(Provided material)
(* For each $N\ge1$ let $\eta^N(t)$ be an irreducible continuous-time Markov chain on a finite set $\Omega_N$ with jump rates $R_N(\eta,\xi)$ and unique stationary distribution $\nu_N$; let $A_N\subset\Omega_N$ with $\lim_N\nu_N(A_N)=0$, $H_N=\inf\{t>0:\eta^N(t)\in A_N\}$, and assume $T^{\rm mix}_N\ll r_N(A_N^c,A_N)^{-1}$. Let $\mu_N$ be probability measures on $\Omega_N$ and suppose there is a sequence $S_N$ with $T^{\rm mix}_N\ll S_N\ll\mathbb E_{\nu_N}[H_N]$ such that $\lim_{N\to\infty}\mathbb P_{\mu_N}[H_N<S_N]=0$. Then, under $\mathbb P_{\mu_N}$, $H_N/\mathbb E_{\nu_N}[H_N]$ converges in distribution to a mean one exponential random variable.
   Context: $T^{\rm mix}_N=\inf\{t>0:\max_{\eta}\|P_t(\eta,\cdot)-\nu_N\|_{\rm TV}\le1/4\}$ where $P_t(\eta,\xi)=\mathbb P_\eta[\eta^N(t)=\xi]$. $R_N(\xi,A_N)=\sum_{\zeta\in A_N}R_N(\xi,\zeta)$, $r_N(A_N^c,A_N)=\frac1{\nu_N(A_N^c)}\sum_{\xi\in A_N^c}\nu_N(\xi)R_N(\xi,A_N)$. $a_N\ll b_N$ means $a_N/b_N\to0$. $\mathbb P_\mu,\mathbb E_\mu$ refer to the chain started from the distribution $\mu$. *)

theory Defs
  imports "HOL-Probability.Probability"
begin

text \<open>Continuous-time Markov chains on a finite state space \<open>\<Omega>\<close> with jump rates \<open>R x y\<close>
  (for \<open>x \<noteq> y\<close>), described through their transition semigroup \<open>exp(t L)\<close>.\<close>

definition gen :: "'a set \<Rightarrow> ('a \<Rightarrow> 'a \<Rightarrow> real) \<Rightarrow> 'a \<Rightarrow> 'a \<Rightarrow> real" where
  "gen \<Omega> R x y = (if x = y then - (\<Sum>z\<in>\<Omega> - {x}. R x z) else R x y)"

fun mpow :: "'a set \<Rightarrow> ('a \<Rightarrow> 'a \<Rightarrow> real) \<Rightarrow> nat \<Rightarrow> 'a \<Rightarrow> 'a \<Rightarrow> real" where
  "mpow S Q 0 x y = (if x = y then 1 else 0)"
| "mpow S Q (Suc k) x y = (\<Sum>z\<in>S. Q x z * mpow S Q k z y)"

definition mexp :: "'a set \<Rightarrow> ('a \<Rightarrow> 'a \<Rightarrow> real) \<Rightarrow> real \<Rightarrow> 'a \<Rightarrow> 'a \<Rightarrow> real" where
  "mexp S Q t x y = (\<Sum>k. t ^ k / fact k * mpow S Q k x y)"

text \<open>\<open>P_t(\<eta>,\<xi>) = P_\<eta>[\<eta>(t) = \<xi>]\<close>.\<close>
definition trans_prob :: "'a set \<Rightarrow> ('a \<Rightarrow> 'a \<Rightarrow> real) \<Rightarrow> real \<Rightarrow> 'a \<Rightarrow> 'a \<Rightarrow> real" where
  "trans_prob \<Omega> R t x y = mexp \<Omega> (gen \<Omega> R) t x y"

definition tv_dist :: "'a set \<Rightarrow> ('a \<Rightarrow> real) \<Rightarrow> ('a \<Rightarrow> real) \<Rightarrow> real" where
  "tv_dist \<Omega> p q = (1/2) * (\<Sum>x\<in>\<Omega>. \<bar>p x - q x\<bar>)"

definition mixing_time :: "'a set \<Rightarrow> ('a \<Rightarrow> 'a \<Rightarrow> real) \<Rightarrow> ('a \<Rightarrow> real) \<Rightarrow> real" where
  "mixing_time \<Omega> R \<nu> =
     Inf {t. t > 0 \<and> (\<forall>\<eta>\<in>\<Omega>. tv_dist \<Omega> (trans_prob \<Omega> R t \<eta>) \<nu> \<le> 1/4)}"

text \<open>\<open>P_x[H_A > t]\<close> for \<open>H_A = inf{t>0. \<eta>(t) \<in> A}\<close>: zero if started in \<open>A\<close>
  (then \<open>H_A = 0\<close>), otherwise given by the semigroup of the chain killed upon entering \<open>A\<close>.\<close>
definition surv :: "'a set \<Rightarrow> ('a \<Rightarrow> 'a \<Rightarrow> real) \<Rightarrow> 'a set \<Rightarrow> 'a \<Rightarrow> real \<Rightarrow> real" where
  "surv \<Omega> R A x t =
     (if t < 0 then 1 else if x \<in> A then 0
      else (\<Sum>y\<in>\<Omega> - A. mexp (\<Omega> - A) (gen \<Omega> R) t x y))"

definition hit_cdf :: "'a set \<Rightarrow> ('a \<Rightarrow> 'a \<Rightarrow> real) \<Rightarrow> 'a set \<Rightarrow> ('a \<Rightarrow> real) \<Rightarrow> real \<Rightarrow> real" where
  "hit_cdf \<Omega> R A \<mu> t = (\<Sum>x\<in>\<Omega>. \<mu> x * (1 - surv \<Omega> R A x t))"

text \<open>\<open>P_\<mu>[H_A < s]\<close> (left limit of the distribution function).\<close>
definition hit_lt :: "'a set \<Rightarrow> ('a \<Rightarrow> 'a \<Rightarrow> real) \<Rightarrow> 'a set \<Rightarrow> ('a \<Rightarrow> real) \<Rightarrow> real \<Rightarrow> real" where
  "hit_lt \<Omega> R A \<mu> s = (SUP t\<in>{..<s}. hit_cdf \<Omega> R A \<mu> t)"

definition mean_hit :: "'a set \<Rightarrow> ('a \<Rightarrow> 'a \<Rightarrow> real) \<Rightarrow> 'a set \<Rightarrow> ('a \<Rightarrow> real) \<Rightarrow> real" where
  "mean_hit \<Omega> R A \<nu> = (\<Sum>x\<in>\<Omega>. \<nu> x * integral {0..} (surv \<Omega> R A x))"

definition escape_rate :: "'a set \<Rightarrow> ('a \<Rightarrow> 'a \<Rightarrow> real) \<Rightarrow> 'a set \<Rightarrow> ('a \<Rightarrow> real) \<Rightarrow> real" where
  "escape_rate \<Omega> R A \<nu> =
     (1 / (\<Sum>x\<in>\<Omega> - A. \<nu> x)) * (\<Sum>\<xi>\<in>\<Omega> - A. \<nu> \<xi> * (\<Sum>\<zeta>\<in>A. R \<xi> \<zeta>))"

definition irreducible :: "'a set \<Rightarrow> ('a \<Rightarrow> 'a \<Rightarrow> real) \<Rightarrow> bool" where
  "irreducible \<Omega> R \<longleftrightarrow>
     (\<forall>x\<in>\<Omega>. \<forall>y\<in>\<Omega>. (x, y) \<in> {(u, v). u \<in> \<Omega> \<and> v \<in> \<Omega> \<and> u \<noteq> v \<and> R u v > 0}\<^sup>*)"

definition prob_on :: "'a set \<Rightarrow> ('a \<Rightarrow> real) \<Rightarrow> bool" where
  "prob_on \<Omega> \<mu> \<longleftrightarrow> (\<forall>x\<in>\<Omega>. \<mu> x \<ge> 0) \<and> (\<Sum>x\<in>\<Omega>. \<mu> x) = 1"

definition stationary :: "'a set \<Rightarrow> ('a \<Rightarrow> 'a \<Rightarrow> real) \<Rightarrow> ('a \<Rightarrow> real) \<Rightarrow> bool" where
  "stationary \<Omega> R \<nu> \<longleftrightarrow> prob_on \<Omega> \<nu> \<and> (\<forall>y\<in>\<Omega>. (\<Sum>x\<in>\<Omega>. \<nu> x * gen \<Omega> R x y) = 0)"

end

theory Submission
  imports Defs
begin

text \<open>
  Started from equilibrium, the chain forgets its initial state within a lag \<open>\<tau>\<close> of a few mixing
  times. Hence the survival function \<open>F(t) = P_\<nu>[H > t]\<close> is approximately memoryless,
  \<open>F(t + \<tau> + s) \<approx> F(t) F(s)\<close>, with an error made of the total variation distance to \<open>\<nu>\<close> after
  time \<open>\<tau>\<close> and of \<open>P_\<nu>[H \<le> \<tau>] \<le> \<nu>(A) + \<tau> r(A\<^sup>c, A)\<close>. Taking \<open>\<tau>\<close> a slowly growing multiple of the
  mixing time makes this error vanish while \<open>\<tau>\<close> stays negligible against \<open>E_\<nu>[H]\<close>, and an
  approximately memoryless survival function with mean \<open>T\<close> satisfies \<open>F(yT) \<rightarrow> e\<^sup>-\<^sup>y\<close>. For a general
  initial law \<open>\<mu>\<close>, the chain has not hit \<open>A\<close> before time \<open>S - \<tau>\<close> with high probability and is
  mixed by time \<open>S\<close>, while \<open>S \<ll> E_\<nu>[H]\<close>.
\<close>

section \<open>Matrix exponentials\<close>

definition mat_abs_bound :: "'a set \<Rightarrow> ('a \<Rightarrow> 'a \<Rightarrow> real) \<Rightarrow> real" where
  "mat_abs_bound S Q = 1 + (\<Sum>u\<in>S. \<Sum>v\<in>S. \<bar>Q u v\<bar>)"

lemma one_le_mat_abs_bound: "finite S \<Longrightarrow> mat_abs_bound S Q \<ge> 1"
  unfolding mat_abs_bound_def by (auto intro!: sum_nonneg)

lemma row_abs_sum_le_mat_abs_bound:
  assumes "finite S" "x \<in> S"
  shows "(\<Sum>z\<in>S. \<bar>Q x z\<bar>) \<le> mat_abs_bound S Q"
proof -
  have "(\<Sum>z\<in>S. \<bar>Q x z\<bar>) \<le> (\<Sum>u\<in>S. \<Sum>v\<in>S. \<bar>Q u v\<bar>)"
    using assms by (intro member_le_sum) (auto intro!: sum_nonneg)
  then show ?thesis unfolding mat_abs_bound_def by simp
qed

lemma abs_mpow_le:
  assumes "finite S" "x \<in> S" "y \<in> S"
  shows "\<bar>mpow S Q k x y\<bar> \<le> mat_abs_bound S Q ^ k"
  using assms(2)
proof (induction k arbitrary: x)
  case 0 then show ?case by simp
next
  case (Suc k)
  have "\<bar>mpow S Q (Suc k) x y\<bar> \<le> (\<Sum>z\<in>S. \<bar>Q x z\<bar> * \<bar>mpow S Q k z y\<bar>)"
    unfolding mpow.simps by (rule order_trans[OF sum_abs]) (simp add: abs_mult)
  also have "\<dots> \<le> (\<Sum>z\<in>S. \<bar>Q x z\<bar> * mat_abs_bound S Q ^ k)"
    using Suc.IH by (intro sum_mono mult_left_mono) auto
  also have "\<dots> = (\<Sum>z\<in>S. \<bar>Q x z\<bar>) * mat_abs_bound S Q ^ k"
    by (simp add: sum_distrib_right)
  also have "\<dots> \<le> mat_abs_bound S Q * mat_abs_bound S Q ^ k"
  proof -
    have "0 \<le> mat_abs_bound S Q ^ k" using one_le_mat_abs_bound[OF assms(1), of Q] by simp
    then show ?thesis using row_abs_sum_le_mat_abs_bound[OF assms(1) Suc.prems] by (intro mult_right_mono) auto
  qed
  finally show ?case by simp
qed

lemma summable_mexp_abs:
  assumes "finite S" "x \<in> S" "y \<in> S"
  shows "summable (\<lambda>k. \<bar>t ^ k / fact k * mpow S Q k x y\<bar>)"
proof -
  have b: "norm \<bar>t ^ n / fact n * mpow S Q n x y\<bar> \<le> inverse (fact n) * (\<bar>t\<bar> * mat_abs_bound S Q) ^ n" for n
  proof -
    have "\<bar>t ^ n / fact n * mpow S Q n x y\<bar> = inverse (fact n) * (\<bar>t\<bar> ^ n * \<bar>mpow S Q n x y\<bar>)"
      by (simp add: abs_mult power_abs divide_inverse)
    also have "\<dots> \<le> inverse (fact n) * (\<bar>t\<bar> ^ n * mat_abs_bound S Q ^ n)"
      using abs_mpow_le[OF assms, of Q n] by (intro mult_left_mono) auto
    also have "\<dots> = inverse (fact n) * (\<bar>t\<bar> * mat_abs_bound S Q) ^ n"
      by (simp only: power_mult_distrib)
    finally show ?thesis by (simp only: real_norm_def abs_abs)
  qed
  show ?thesis
    by (rule summable_comparison_test'[OF summable_exp[of "\<bar>t\<bar> * mat_abs_bound S Q"] b])
qed

lemma summable_mexp:
  assumes "finite S" "x \<in> S" "y \<in> S"
  shows "summable (\<lambda>k. t ^ k / fact k * mpow S Q k x y)"
  by (rule summable_rabs_cancel[OF summable_mexp_abs[OF assms]])

lemma mexp_sums:
  assumes "finite S" "x \<in> S" "y \<in> S"
  shows "(\<lambda>k. t ^ k / fact k * mpow S Q k x y) sums mexp S Q t x y"
  unfolding mexp_def using summable_mexp[OF assms] by (simp add: summable_sums)

lemma mpow_add:
  assumes "finite S" "x \<in> S"
  shows "mpow S Q (i + j) x y = (\<Sum>z\<in>S. mpow S Q i x z * mpow S Q j z y)"
  using assms(2)
proof (induction i arbitrary: x)
  case 0
  have "(\<Sum>z\<in>S. mpow S Q 0 x z * mpow S Q j z y) = (\<Sum>z\<in>S. if z = x then mpow S Q j x y else 0)"
    by (intro sum.cong) auto
  also have "\<dots> = mpow S Q j x y" using 0 assms(1) by simp
  finally show ?case by simp
next
  case (Suc i)
  have "mpow S Q (Suc i + j) x y = (\<Sum>w\<in>S. Q x w * (\<Sum>z\<in>S. mpow S Q i w z * mpow S Q j z y))"
    using Suc.IH by simp
  also have "\<dots> = (\<Sum>w\<in>S. \<Sum>z\<in>S. Q x w * mpow S Q i w z * mpow S Q j z y)"
    by (simp add: sum_distrib_left mult.assoc)
  also have "\<dots> = (\<Sum>z\<in>S. \<Sum>w\<in>S. Q x w * mpow S Q i w z * mpow S Q j z y)"
    by (rule sum.swap)
  also have "\<dots> = (\<Sum>z\<in>S. mpow S Q (Suc i) x z * mpow S Q j z y)"
    by (simp add: sum_distrib_right)
  finally show ?case .
qed

lemma mexp_add:
  assumes S: "finite S" and x: "x \<in> S" and y: "y \<in> S"
  shows "mexp S Q (s + t) x y = (\<Sum>z\<in>S. mexp S Q s x z * mexp S Q t z y)"
proof -
  define a where "a z i = s ^ i / fact i * mpow S Q i x z" for z i
  define b where "b z i = t ^ i / fact i * mpow S Q i z y" for z i
  have cp: "(\<lambda>n. \<Sum>i\<le>n. a z i * b z (n - i)) sums (mexp S Q s x z * mexp S Q t z y)" if "z \<in> S" for z
  proof -
    have "(\<lambda>n. \<Sum>i\<le>n. a z i * b z (n - i)) sums ((\<Sum>k. a z k) * (\<Sum>k. b z k))"
      using summable_mexp_abs[OF S x that] summable_mexp_abs[OF S that y]
      by (intro Cauchy_product_sums) (auto simp: a_def b_def)
    then show ?thesis by (simp add: a_def b_def mexp_def)
  qed
  have "(\<lambda>n. \<Sum>z\<in>S. \<Sum>i\<le>n. a z i * b z (n - i)) sums (\<Sum>z\<in>S. mexp S Q s x z * mexp S Q t z y)"
    by (rule sums_sum) (rule cp)
  moreover have "(\<Sum>z\<in>S. \<Sum>i\<le>n. a z i * b z (n - i)) = (s + t) ^ n / fact n * mpow S Q n x y" for n
  proof -
    have "(\<Sum>z\<in>S. \<Sum>i\<le>n. a z i * b z (n - i))
        = (\<Sum>i\<le>n. \<Sum>z\<in>S. a z i * b z (n - i))" by (rule sum.swap)
    also have "\<dots> = (\<Sum>i\<le>n. (s ^ i * t ^ (n - i) / (fact i * fact (n - i))) *
                        (\<Sum>z\<in>S. mpow S Q i x z * mpow S Q (n - i) z y))"
      by (intro sum.cong refl) (simp add: a_def b_def sum_distrib_left mult_ac)
    also have "\<dots> = (\<Sum>i\<le>n. (s ^ i * t ^ (n - i) / (fact i * fact (n - i))) * mpow S Q n x y)"
      by (intro sum.cong refl) (simp add: mpow_add[OF S x, symmetric])
    also have "\<dots> = (\<Sum>i\<le>n. of_nat (n choose i) * s ^ i * t ^ (n - i)) / fact n * mpow S Q n x y"
    proof -
      have "s ^ i * t ^ (n - i) / (fact i * fact (n - i)) = of_nat (n choose i) * s ^ i * t ^ (n - i) / fact n"
        if "i \<le> n" for i
        using that by (simp add: binomial_fact field_simps)
      then show ?thesis
        by (simp add: sum_distrib_right sum_divide_distrib)
    qed
    also have "\<dots> = (s + t) ^ n / fact n * mpow S Q n x y"
      by (simp add: binomial_ring)
    finally show ?thesis .
  qed
  ultimately have "(\<lambda>n. (s + t) ^ n / fact n * mpow S Q n x y) sums (\<Sum>z\<in>S. mexp S Q s x z * mexp S Q t z y)"
    by simp
  with mexp_sums[OF S x y, of "s + t" Q] show ?thesis
    using sums_unique2 by blast
qed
(End Provided material)
- _Work task_
Look over the records above and copy each line that includes the string "semigroup".

- _Your response_
  (for \<open>x \<noteq> y\<close>), described through their transition semigroup \<open>exp(t L)\<close>.\<close>
  (then \<open>H_A = 0\<close>), otherwise given by the semigroup of the chain killed upon entering \<open>A\<close>.\<close>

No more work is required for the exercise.